▶ _ACTIVITY_
Scan the lines below; pull out those with "forall".

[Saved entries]
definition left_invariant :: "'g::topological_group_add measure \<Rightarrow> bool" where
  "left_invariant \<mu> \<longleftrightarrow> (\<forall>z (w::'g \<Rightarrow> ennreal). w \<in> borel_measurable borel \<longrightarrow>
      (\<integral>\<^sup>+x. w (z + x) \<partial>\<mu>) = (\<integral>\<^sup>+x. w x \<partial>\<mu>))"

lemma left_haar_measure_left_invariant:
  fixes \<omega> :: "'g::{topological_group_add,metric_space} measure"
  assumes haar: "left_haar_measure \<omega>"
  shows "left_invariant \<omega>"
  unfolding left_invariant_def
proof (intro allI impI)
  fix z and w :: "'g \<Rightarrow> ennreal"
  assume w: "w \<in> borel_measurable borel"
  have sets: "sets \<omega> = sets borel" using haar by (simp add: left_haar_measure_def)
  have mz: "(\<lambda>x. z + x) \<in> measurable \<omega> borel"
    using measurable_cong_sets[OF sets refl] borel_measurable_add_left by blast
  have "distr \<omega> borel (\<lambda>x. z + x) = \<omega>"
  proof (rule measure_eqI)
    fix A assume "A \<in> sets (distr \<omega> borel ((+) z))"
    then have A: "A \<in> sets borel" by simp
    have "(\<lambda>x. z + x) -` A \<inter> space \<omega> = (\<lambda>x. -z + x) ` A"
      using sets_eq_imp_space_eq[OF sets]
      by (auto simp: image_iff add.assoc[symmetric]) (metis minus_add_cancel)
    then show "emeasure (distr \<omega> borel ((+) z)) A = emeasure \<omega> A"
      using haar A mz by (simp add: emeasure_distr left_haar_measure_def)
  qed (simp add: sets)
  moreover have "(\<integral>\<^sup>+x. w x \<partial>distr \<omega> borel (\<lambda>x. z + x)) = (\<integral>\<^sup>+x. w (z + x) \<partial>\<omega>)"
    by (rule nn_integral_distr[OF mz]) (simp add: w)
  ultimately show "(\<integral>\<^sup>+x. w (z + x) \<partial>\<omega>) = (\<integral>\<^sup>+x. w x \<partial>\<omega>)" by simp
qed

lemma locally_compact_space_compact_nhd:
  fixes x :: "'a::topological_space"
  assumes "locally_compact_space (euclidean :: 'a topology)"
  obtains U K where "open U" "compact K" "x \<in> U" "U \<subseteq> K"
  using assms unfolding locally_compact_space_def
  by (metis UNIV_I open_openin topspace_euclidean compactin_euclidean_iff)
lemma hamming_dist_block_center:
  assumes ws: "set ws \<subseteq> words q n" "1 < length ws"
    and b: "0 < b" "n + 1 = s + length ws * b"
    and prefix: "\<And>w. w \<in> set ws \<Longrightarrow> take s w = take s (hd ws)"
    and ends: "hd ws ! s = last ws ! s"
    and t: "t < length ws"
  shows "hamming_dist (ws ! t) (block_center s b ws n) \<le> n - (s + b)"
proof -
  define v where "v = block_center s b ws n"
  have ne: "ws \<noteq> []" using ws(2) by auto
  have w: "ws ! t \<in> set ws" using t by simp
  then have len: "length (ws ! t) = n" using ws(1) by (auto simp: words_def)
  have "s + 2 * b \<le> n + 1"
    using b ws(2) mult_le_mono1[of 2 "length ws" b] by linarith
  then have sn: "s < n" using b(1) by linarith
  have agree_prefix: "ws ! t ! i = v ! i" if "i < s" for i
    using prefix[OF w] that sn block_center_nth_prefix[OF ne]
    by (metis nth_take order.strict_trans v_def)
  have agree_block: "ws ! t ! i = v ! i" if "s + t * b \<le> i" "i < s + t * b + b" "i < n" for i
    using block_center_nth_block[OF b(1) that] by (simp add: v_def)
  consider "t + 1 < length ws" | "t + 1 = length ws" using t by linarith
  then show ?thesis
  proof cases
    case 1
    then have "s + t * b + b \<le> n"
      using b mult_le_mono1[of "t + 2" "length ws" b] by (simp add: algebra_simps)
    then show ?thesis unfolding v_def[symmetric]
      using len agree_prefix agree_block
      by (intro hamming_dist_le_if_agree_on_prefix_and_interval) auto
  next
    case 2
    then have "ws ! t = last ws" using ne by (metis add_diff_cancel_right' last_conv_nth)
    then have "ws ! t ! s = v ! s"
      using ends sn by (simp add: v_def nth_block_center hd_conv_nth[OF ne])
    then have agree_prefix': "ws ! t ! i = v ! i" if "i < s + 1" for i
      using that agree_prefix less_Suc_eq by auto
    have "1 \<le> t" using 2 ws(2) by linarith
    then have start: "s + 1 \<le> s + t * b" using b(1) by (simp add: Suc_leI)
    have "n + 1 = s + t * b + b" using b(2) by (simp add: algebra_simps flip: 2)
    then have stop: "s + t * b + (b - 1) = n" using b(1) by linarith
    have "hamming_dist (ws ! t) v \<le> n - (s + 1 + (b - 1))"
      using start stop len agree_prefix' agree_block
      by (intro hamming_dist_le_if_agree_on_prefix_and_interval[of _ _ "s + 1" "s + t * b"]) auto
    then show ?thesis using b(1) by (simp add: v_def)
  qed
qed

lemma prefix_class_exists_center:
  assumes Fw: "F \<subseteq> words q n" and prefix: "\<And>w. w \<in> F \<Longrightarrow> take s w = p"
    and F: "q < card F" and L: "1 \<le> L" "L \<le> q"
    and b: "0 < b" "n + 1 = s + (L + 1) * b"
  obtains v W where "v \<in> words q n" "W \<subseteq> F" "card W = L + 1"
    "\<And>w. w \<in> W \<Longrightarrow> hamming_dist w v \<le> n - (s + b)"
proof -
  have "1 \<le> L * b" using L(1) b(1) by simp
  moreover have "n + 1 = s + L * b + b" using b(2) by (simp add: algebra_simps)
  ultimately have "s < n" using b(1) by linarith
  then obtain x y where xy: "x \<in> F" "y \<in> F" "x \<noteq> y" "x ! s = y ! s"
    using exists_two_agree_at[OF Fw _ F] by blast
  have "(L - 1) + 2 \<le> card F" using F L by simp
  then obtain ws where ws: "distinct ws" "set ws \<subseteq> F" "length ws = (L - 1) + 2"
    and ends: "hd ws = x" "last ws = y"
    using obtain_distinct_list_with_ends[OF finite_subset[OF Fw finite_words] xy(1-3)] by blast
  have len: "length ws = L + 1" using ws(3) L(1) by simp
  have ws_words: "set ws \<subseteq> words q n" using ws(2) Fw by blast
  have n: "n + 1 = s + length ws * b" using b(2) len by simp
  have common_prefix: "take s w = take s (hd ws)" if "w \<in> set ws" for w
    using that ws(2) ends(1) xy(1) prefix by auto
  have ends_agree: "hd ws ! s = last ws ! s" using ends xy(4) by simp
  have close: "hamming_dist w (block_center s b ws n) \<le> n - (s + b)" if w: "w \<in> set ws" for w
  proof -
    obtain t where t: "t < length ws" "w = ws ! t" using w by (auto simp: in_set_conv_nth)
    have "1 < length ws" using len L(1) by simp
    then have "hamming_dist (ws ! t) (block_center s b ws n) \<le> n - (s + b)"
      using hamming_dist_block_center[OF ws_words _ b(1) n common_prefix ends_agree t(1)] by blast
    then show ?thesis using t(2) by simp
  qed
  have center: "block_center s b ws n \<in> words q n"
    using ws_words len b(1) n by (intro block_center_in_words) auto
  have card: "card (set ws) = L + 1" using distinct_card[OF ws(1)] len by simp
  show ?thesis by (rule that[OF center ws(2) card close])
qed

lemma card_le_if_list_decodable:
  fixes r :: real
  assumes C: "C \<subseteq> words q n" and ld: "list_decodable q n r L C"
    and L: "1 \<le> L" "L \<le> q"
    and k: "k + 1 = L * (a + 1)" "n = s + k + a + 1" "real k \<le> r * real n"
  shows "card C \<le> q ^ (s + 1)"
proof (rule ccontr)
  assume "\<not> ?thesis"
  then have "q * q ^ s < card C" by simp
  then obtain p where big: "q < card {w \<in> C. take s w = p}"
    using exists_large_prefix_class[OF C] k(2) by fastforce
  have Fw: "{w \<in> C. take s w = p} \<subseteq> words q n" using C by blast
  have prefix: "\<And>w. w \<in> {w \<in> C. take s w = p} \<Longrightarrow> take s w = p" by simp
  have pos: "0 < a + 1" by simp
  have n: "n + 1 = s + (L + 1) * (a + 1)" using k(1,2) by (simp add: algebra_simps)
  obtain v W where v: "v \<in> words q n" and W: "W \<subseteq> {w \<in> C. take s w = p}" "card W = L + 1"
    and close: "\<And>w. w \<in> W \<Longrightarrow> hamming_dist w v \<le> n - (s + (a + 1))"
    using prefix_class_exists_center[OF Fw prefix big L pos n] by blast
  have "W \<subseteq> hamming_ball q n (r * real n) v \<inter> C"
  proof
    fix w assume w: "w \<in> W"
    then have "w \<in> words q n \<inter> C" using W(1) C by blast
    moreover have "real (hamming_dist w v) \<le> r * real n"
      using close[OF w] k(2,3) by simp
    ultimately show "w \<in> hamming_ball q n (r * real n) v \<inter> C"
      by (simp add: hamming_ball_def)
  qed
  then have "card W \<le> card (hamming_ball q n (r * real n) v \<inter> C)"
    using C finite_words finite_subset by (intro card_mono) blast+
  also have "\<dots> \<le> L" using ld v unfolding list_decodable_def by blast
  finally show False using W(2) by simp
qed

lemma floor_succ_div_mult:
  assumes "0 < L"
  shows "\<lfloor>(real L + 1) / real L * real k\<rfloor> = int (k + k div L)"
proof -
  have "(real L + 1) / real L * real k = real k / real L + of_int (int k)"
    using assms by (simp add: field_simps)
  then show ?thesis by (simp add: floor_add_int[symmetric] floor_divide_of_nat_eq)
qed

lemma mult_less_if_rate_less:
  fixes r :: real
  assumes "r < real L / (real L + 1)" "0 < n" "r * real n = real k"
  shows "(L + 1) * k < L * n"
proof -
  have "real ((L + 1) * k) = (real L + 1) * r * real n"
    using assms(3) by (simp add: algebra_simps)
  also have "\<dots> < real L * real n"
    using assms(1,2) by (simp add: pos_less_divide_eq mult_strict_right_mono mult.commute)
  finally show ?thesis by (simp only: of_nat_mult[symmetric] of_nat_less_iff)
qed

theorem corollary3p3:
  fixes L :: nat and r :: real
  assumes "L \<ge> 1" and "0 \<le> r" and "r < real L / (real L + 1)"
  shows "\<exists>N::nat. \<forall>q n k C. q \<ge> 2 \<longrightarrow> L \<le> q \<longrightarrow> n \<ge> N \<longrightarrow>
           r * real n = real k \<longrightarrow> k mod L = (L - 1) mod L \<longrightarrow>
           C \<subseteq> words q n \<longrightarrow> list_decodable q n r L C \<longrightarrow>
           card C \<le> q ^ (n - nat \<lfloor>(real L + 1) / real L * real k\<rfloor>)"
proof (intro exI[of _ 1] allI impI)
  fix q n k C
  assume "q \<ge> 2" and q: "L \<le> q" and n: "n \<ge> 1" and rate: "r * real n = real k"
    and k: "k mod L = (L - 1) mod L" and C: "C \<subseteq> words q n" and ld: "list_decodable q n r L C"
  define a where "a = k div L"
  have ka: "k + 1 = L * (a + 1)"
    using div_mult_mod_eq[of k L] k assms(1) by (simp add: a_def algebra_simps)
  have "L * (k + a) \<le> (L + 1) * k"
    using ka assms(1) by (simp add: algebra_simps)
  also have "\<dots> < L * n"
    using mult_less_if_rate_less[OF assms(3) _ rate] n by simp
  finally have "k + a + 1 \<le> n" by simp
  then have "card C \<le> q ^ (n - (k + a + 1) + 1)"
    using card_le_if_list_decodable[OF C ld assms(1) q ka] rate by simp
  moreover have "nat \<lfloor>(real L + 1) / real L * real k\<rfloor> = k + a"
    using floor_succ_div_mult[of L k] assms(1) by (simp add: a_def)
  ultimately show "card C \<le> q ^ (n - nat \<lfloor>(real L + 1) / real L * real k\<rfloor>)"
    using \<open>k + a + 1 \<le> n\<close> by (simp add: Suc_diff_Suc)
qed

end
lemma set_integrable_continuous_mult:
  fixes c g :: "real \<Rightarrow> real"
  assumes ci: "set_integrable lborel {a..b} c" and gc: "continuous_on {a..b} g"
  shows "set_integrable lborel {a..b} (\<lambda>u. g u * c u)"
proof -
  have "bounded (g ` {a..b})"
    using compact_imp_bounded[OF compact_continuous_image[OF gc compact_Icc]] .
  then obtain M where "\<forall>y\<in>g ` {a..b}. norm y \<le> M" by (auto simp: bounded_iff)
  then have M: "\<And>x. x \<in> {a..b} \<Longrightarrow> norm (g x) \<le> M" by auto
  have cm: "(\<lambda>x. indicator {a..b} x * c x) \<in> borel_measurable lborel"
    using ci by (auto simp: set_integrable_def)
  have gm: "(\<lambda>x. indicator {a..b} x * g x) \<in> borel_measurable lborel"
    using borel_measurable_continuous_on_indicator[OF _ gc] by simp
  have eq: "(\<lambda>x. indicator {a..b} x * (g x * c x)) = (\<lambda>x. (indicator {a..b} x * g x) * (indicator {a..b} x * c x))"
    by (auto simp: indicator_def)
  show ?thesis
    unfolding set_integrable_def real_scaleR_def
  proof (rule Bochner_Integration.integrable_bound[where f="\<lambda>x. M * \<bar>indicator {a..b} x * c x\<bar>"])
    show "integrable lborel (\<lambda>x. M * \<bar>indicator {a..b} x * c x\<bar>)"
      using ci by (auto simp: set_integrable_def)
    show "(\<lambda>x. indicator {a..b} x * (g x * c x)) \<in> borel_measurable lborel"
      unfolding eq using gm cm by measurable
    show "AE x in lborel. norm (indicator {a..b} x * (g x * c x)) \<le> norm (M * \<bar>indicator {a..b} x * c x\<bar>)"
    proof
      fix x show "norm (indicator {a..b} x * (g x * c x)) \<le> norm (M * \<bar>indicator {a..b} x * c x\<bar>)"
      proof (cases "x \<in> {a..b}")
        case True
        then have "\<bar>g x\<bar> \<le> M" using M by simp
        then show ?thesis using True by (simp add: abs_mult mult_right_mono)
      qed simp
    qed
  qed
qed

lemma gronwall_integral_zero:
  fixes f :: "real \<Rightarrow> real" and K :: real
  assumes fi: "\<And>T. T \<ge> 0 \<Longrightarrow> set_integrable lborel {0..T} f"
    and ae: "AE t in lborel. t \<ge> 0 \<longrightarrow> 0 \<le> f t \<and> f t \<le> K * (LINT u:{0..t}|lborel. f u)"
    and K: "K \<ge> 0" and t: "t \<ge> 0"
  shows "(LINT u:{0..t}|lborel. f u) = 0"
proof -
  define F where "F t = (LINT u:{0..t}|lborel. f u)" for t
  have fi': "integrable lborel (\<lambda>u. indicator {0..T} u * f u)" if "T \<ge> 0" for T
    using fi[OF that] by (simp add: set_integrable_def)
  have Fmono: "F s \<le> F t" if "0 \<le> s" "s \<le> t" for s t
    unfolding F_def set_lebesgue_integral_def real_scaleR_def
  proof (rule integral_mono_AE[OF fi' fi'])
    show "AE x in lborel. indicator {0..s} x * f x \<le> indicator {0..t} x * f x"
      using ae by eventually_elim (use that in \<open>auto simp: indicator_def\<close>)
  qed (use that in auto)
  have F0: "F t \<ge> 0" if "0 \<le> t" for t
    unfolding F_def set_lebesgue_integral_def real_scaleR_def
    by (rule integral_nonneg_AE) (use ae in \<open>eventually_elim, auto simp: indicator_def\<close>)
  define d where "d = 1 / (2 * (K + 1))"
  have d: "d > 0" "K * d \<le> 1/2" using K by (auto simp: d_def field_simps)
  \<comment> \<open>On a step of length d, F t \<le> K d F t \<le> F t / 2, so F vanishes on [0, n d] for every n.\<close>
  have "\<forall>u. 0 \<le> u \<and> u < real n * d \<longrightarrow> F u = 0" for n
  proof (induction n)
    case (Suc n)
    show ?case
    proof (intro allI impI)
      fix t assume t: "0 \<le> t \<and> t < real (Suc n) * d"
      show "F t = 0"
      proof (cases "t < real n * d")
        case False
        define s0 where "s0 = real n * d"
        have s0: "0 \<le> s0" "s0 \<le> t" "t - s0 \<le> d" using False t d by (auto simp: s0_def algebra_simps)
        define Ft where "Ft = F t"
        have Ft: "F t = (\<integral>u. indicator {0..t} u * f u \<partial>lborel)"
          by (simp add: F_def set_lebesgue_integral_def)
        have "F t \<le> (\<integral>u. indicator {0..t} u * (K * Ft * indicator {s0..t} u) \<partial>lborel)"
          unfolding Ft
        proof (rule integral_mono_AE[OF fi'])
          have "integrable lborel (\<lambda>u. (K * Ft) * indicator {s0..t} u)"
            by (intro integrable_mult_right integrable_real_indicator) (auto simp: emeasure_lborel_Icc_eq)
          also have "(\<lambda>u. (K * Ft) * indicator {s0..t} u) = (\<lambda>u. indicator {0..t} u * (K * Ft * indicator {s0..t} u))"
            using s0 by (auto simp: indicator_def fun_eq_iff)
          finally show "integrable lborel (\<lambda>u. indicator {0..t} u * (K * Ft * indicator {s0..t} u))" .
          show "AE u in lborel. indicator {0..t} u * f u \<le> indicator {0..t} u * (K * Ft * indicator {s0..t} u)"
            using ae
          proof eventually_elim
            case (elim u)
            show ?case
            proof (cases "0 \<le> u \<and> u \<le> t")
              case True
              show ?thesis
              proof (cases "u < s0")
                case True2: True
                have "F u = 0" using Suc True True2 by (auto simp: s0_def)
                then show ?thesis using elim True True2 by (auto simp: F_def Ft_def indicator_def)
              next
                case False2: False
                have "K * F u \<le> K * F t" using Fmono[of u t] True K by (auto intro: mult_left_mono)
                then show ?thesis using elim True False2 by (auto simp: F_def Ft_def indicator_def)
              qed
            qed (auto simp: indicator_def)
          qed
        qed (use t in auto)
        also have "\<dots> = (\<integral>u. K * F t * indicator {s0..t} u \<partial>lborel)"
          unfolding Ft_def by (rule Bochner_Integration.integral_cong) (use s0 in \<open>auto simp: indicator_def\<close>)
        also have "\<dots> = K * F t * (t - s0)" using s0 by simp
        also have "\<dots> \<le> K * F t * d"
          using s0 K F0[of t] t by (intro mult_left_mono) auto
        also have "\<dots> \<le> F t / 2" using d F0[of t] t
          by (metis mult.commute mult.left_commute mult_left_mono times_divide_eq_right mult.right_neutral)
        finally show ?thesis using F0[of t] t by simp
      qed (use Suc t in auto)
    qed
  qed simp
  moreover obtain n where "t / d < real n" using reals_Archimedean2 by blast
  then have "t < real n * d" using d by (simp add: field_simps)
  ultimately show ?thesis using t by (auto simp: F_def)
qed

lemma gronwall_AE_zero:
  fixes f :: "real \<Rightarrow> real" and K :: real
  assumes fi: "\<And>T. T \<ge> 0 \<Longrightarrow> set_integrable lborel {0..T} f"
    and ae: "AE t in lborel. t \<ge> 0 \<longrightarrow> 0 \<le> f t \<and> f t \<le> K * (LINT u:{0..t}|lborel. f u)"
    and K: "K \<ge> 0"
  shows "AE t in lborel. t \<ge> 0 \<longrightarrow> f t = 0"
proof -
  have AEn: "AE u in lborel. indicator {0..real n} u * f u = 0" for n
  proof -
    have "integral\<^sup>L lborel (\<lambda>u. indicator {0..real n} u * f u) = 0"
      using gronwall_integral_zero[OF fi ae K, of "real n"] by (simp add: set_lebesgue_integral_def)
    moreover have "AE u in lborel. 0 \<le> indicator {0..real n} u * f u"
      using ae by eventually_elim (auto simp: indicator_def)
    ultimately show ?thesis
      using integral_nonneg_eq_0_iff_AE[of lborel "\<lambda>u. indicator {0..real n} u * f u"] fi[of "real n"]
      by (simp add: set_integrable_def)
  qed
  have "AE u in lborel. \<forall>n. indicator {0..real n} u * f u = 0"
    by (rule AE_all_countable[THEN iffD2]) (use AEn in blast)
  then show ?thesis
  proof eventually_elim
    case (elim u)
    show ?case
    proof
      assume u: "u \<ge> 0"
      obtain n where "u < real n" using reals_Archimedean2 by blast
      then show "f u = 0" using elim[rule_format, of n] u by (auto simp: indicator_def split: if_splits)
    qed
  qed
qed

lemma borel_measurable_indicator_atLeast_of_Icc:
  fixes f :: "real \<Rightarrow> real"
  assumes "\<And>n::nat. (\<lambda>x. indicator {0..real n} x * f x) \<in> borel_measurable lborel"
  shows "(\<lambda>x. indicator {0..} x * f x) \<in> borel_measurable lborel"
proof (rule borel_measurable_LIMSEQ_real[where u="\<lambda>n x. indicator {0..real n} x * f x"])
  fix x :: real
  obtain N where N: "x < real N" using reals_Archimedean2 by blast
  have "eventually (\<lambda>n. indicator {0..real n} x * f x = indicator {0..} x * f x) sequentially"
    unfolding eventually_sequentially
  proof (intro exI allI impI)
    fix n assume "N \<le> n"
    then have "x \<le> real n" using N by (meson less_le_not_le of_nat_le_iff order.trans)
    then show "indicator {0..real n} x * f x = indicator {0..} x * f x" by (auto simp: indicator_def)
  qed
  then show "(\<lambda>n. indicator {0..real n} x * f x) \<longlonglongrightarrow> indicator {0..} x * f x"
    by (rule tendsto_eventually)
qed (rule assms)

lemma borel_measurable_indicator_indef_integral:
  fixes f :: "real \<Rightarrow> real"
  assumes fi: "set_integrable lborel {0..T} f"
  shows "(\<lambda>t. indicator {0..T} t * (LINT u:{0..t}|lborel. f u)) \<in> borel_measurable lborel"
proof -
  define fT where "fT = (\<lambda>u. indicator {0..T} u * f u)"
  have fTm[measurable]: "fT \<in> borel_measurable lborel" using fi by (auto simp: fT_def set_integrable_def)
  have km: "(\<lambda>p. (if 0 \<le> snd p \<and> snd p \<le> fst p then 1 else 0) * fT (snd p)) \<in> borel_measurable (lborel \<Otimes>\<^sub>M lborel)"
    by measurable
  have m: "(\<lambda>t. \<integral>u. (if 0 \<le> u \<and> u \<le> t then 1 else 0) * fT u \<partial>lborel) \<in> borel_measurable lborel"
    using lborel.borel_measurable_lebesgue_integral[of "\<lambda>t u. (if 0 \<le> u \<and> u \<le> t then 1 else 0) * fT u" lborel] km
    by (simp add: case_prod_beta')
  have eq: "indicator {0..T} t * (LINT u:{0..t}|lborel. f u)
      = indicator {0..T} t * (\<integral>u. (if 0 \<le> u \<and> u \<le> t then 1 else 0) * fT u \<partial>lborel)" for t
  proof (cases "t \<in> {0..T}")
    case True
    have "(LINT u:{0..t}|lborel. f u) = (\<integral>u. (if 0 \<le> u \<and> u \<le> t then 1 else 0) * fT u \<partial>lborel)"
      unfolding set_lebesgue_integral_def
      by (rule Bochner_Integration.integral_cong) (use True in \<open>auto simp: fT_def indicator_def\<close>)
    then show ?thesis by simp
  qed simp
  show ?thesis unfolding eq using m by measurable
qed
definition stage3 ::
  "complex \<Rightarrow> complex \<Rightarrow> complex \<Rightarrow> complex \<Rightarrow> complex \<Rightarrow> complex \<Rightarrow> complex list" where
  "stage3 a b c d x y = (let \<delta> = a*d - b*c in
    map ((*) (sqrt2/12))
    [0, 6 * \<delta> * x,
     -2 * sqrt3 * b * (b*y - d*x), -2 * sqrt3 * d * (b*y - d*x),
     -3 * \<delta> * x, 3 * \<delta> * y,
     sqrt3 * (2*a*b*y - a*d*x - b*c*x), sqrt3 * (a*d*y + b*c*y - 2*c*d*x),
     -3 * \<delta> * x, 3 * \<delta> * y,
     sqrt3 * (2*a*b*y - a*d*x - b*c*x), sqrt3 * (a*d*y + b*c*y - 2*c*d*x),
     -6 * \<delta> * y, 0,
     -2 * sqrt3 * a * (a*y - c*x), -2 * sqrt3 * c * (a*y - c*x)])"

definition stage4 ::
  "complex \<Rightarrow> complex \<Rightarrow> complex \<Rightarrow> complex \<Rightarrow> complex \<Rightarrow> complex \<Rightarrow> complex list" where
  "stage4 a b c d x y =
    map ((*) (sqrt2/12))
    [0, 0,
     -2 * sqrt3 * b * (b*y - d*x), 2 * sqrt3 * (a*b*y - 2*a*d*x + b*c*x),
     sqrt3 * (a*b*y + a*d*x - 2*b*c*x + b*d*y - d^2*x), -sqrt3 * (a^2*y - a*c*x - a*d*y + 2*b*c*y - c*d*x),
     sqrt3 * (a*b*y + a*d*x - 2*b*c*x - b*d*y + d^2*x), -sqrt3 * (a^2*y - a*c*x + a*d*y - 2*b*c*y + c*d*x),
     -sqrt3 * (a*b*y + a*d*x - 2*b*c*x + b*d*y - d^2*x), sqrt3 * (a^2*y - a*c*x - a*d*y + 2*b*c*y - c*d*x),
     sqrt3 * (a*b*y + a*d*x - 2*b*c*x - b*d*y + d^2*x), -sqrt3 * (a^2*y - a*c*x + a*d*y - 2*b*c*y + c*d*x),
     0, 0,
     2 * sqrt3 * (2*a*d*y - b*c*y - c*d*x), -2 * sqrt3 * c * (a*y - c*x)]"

▶ _FINISHED EXERCISE_
  "left_invariant \<mu> \<longleftrightarrow> (\<forall>z (w::'g \<Rightarrow> ennreal). w \<in> borel_measurable borel \<longrightarrow>
  shows "\<exists>N::nat. \<forall>q n k C. q \<ge> 2 \<longrightarrow> L \<le> q \<longrightarrow> n \<ge> N \<longrightarrow>
  then obtain M where "\<forall>y\<in>g ` {a..b}. norm y \<le> M" by (auto simp: bounded_iff)
  have "\<forall>u. 0 \<le> u \<and> u < real n * d \<longrightarrow> F u = 0" for n
  have "AE u in lborel. \<forall>n. indicator {0..real n} u * f u = 0"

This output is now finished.